--- INFORMATION SUPPLIED Enclosed Below ---

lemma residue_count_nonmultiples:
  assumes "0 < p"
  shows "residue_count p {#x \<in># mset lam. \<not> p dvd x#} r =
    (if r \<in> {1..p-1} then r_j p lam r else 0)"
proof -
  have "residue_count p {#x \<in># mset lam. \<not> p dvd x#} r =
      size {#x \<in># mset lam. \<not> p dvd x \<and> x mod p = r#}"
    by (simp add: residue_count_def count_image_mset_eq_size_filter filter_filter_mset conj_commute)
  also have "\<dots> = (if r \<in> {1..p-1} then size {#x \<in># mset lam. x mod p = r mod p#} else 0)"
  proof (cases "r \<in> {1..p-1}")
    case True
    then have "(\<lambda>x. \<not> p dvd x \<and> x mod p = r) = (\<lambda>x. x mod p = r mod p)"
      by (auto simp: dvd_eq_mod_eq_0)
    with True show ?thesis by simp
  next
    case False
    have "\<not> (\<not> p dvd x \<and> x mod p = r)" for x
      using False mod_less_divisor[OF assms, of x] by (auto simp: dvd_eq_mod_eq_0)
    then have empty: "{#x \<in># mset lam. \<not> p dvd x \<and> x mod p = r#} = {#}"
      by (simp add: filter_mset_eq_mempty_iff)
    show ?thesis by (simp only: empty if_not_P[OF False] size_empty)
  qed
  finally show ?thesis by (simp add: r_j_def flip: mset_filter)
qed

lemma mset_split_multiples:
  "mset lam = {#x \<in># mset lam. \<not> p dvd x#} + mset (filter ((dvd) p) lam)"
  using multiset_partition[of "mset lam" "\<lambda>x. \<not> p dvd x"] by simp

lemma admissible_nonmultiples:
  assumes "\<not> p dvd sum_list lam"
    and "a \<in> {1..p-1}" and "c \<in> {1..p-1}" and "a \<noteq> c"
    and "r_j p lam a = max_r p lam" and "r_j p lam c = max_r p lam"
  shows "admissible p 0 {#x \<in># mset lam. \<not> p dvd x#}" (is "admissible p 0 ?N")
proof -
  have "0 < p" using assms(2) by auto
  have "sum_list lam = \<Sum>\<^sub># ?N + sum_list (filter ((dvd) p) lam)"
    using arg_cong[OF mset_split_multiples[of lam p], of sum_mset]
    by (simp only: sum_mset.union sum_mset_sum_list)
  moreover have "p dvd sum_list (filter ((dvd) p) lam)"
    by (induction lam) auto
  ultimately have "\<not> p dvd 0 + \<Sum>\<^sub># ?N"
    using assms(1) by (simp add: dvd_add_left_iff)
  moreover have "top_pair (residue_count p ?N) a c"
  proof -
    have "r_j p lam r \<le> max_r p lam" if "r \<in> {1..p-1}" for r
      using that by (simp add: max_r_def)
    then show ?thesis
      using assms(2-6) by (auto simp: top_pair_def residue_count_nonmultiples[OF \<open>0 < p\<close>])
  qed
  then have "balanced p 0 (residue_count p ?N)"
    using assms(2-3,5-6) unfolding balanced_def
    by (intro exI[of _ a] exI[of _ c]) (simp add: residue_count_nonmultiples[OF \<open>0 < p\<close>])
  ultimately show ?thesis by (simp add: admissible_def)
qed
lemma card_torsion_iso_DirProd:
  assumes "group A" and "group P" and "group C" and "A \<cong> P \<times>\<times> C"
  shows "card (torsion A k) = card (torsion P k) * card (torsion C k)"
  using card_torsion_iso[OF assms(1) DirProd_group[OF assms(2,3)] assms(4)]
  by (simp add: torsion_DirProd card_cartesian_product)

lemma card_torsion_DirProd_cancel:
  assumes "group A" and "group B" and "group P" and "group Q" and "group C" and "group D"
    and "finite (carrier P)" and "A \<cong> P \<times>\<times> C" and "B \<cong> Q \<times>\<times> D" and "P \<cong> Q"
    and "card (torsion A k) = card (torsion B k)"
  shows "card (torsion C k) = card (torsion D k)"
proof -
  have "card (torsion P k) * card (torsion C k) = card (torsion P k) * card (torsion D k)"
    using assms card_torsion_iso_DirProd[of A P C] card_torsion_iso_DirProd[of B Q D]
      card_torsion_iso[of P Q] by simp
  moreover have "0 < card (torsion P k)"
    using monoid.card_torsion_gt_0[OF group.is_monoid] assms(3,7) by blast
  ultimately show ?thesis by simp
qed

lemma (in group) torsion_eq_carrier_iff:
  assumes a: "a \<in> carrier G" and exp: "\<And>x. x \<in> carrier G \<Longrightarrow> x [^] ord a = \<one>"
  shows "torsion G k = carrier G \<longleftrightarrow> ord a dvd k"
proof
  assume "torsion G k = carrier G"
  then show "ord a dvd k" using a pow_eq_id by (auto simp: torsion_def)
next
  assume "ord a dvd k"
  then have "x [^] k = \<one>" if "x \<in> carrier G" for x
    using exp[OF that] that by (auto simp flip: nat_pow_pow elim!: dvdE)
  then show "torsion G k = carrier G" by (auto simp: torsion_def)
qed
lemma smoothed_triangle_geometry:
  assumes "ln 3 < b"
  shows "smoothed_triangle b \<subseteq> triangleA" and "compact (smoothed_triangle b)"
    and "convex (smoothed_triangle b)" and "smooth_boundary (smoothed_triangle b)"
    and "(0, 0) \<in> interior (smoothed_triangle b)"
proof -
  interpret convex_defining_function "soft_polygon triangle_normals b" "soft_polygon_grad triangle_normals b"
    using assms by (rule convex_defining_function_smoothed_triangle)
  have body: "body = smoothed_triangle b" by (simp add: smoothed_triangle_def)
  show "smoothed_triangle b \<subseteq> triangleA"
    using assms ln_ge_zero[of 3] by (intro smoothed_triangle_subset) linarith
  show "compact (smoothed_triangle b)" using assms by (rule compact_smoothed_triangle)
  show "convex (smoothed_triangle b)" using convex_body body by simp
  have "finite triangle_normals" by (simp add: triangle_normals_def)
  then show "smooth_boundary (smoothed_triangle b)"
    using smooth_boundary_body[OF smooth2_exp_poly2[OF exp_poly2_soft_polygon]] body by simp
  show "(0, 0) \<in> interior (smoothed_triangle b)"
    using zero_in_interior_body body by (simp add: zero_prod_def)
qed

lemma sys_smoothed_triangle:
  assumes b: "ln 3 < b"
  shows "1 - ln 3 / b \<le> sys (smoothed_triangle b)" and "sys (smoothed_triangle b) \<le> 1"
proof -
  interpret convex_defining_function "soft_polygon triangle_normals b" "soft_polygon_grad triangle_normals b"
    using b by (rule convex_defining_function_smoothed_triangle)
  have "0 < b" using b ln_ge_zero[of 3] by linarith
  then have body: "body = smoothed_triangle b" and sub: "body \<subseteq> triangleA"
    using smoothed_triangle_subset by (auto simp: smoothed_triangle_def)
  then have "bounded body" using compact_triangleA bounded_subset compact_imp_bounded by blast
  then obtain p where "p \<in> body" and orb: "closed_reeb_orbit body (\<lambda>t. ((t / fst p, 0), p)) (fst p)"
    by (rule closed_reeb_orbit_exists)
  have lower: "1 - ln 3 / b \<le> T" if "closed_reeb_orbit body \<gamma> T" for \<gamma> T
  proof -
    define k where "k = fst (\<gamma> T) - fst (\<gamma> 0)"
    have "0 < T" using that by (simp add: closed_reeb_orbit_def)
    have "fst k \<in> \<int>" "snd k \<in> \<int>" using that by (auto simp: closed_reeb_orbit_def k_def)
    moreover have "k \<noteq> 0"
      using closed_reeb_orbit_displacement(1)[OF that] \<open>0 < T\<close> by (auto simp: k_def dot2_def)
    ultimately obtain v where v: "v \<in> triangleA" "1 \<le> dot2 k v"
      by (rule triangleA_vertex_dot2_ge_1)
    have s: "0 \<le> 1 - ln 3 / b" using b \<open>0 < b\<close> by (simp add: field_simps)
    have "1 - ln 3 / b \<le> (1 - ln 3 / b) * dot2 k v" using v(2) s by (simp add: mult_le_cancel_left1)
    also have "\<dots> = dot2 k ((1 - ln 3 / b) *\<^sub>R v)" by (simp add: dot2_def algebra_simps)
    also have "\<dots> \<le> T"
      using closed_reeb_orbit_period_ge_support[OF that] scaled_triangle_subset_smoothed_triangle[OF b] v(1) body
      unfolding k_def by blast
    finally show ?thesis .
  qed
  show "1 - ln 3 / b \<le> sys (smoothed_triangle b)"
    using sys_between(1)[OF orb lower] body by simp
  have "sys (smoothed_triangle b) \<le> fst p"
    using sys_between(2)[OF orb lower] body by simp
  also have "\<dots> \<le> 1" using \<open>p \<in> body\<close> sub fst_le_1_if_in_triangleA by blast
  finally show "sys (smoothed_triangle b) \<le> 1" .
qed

--- End of Enclosed INFORMATION SUPPLIED ---

EXERCISE BRIEF —
Taking the listing above as the source, transcribe only the lines starting at the line with "for \<gamma> T" and going through the line with "(simp add: closed_reeb_orbit_def)", unaltered and with both ends included.

SOLUTION TO THE PROBLEM —
  have lower: "1 - ln 3 / b \<le> T" if "closed_reeb_orbit body \<gamma> T" for \<gamma> T
  proof -
    define k where "k = fst (\<gamma> T) - fst (\<gamma> 0)"
    have "0 < T" using that by (simp add: closed_reeb_orbit_def)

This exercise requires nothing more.